Macri asumió la presidencia el 10 de diciembre de 2015 procesado por haber supuestamente dispuesto escuchas, entre otros, a un cuñado, algo de lo que se hizo cargo Franco Macri , el padre del Presidente, fallecido recientemente.
La causa fue declarada nula en octubre pasado, pero hasta entonces, y hasta ahora mismo, sirve para que el kirchnerismo le siga haciendo bullying sobre el tema. Las escuchas pueden ser armas peligrosas cuando se infiltran en la política y son manejadas aviesamente.
El uso desaprensivo de escuchas por fuera de los estrictos monitoreos judiciales en el marco de causas concretas por delitos graves tiene una recurrencia inquietante en nuestro país, y en los últimos tiempos ha adquirido una aceleración insólita, con un plus que suma un nuevo elemento distorsivo, que busca impactar sobre la opinión pública y en los propios tribunales con su manipulación masiva.
La guerra de las escuchas no tiene una ideología determinada: se cruzan para hacer daño y ruido a uno y otro lado de la grieta, mientras "entretienen" a la audiencia.
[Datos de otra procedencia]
(* A semiregular topological space $X$ is point-rotund if and only if $X$ is completely regular.
   Context: A topological space $X$ is semiregular if for every $x\in X$ and neighborhood $O_x$ of $x$ there is a neighborhood $U_x$ of $x$ with $\mathrm{int}\,\mathrm{cl}(U_x)\subset O_x$; completely regular if for every $x$ and neighborhood $O_x$ there is a continuous $f:X\to[0,1]$ with $f(x)=0$ and $f^{-1}([0,1))\subset O_x$ (no $T_1$ assumed in either). Entourages: subsets of $X\times X$ containing the diagonal; $U\circ V=\{(x,z):\exists y\,((x,y)\in U,(y,z)\in V)\}$; $B(x;U)=\{y:(x,y)\in U\}$. A quasi-uniformity is a family $\mathcal U$ of entourages closed under supersets, with any two members containing a common member and each $U\in\mathcal U$ containing $V\circ V$ for some $V\in\mathcal U$; it generates the topology in which $W$ is open iff each $x\in W$ has $B(x;U)\subset W$ for some $U\in\mathcal U$. A base $\mathcal B$ of $\mathcal U$ is multiplicative if closed under $\circ$, and point-rotund if $\overline{B(x;V)}\subset\mathrm{int}\,\overline{B(x;V\circ U)}$ for all $x$ and $U,V\in\mathcal B$ (closures/interiors in the generated topology). A topological space is point-rotund if its topology is generated by a quasi-uniformity having a point-rotund multiplicative base. *)

theory Defs
  imports "HOL-Analysis.Analysis"
begin

definition semiregular_space :: "'a topology \<Rightarrow> bool" where
  "semiregular_space X \<longleftrightarrow>
     (\<forall>x N. openin X N \<and> x \<in> N \<longrightarrow>
        (\<exists>U. openin X U \<and> x \<in> U \<and> X interior_of (X closure_of U) \<subseteq> N))"

definition entourage :: "'a set \<Rightarrow> ('a \<times> 'a) set \<Rightarrow> bool" where
  "entourage S U \<longleftrightarrow> Id_on S \<subseteq> U \<and> U \<subseteq> S \<times> S"

text \<open>Quasi-uniformity on S (the composition U \<circ> V of the paper is relcomp U O V).\<close>
definition quasi_uniformity :: "'a set \<Rightarrow> ('a \<times> 'a) set set \<Rightarrow> bool" where
  "quasi_uniformity S \<U> \<longleftrightarrow>
     \<U> \<noteq> {} \<and>
     (\<forall>U\<in>\<U>. entourage S U) \<and>
     (\<forall>U V. U \<in> \<U> \<and> entourage S V \<and> U \<subseteq> V \<longrightarrow> V \<in> \<U>) \<and>
     (\<forall>U\<in>\<U>. \<forall>V\<in>\<U>. \<exists>W\<in>\<U>. W \<subseteq> U \<and> W \<subseteq> V) \<and>
     (\<forall>U\<in>\<U>. \<exists>V\<in>\<U>. V O V \<subseteq> U)"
Sobran los ejemplos: las escuchas en capítulos de Cristina Kirchner con Oscar Parrilli ; los interminables intercambios de audios que Marcelo D'Alessio supo establecer, entre otros, con Carlos Stornelli y el periodista Daniel Santoro; las ansiedades telefónicas de Roberto Baratta desde la cárcel para acelerar la ofensiva contra el fiscal de la causa de los cuadernos, y la filtración de la conversación entre Guillermo Moreno y la esposa de Julio De Vido, Alessandra Minnicelli. Y hay muchas más.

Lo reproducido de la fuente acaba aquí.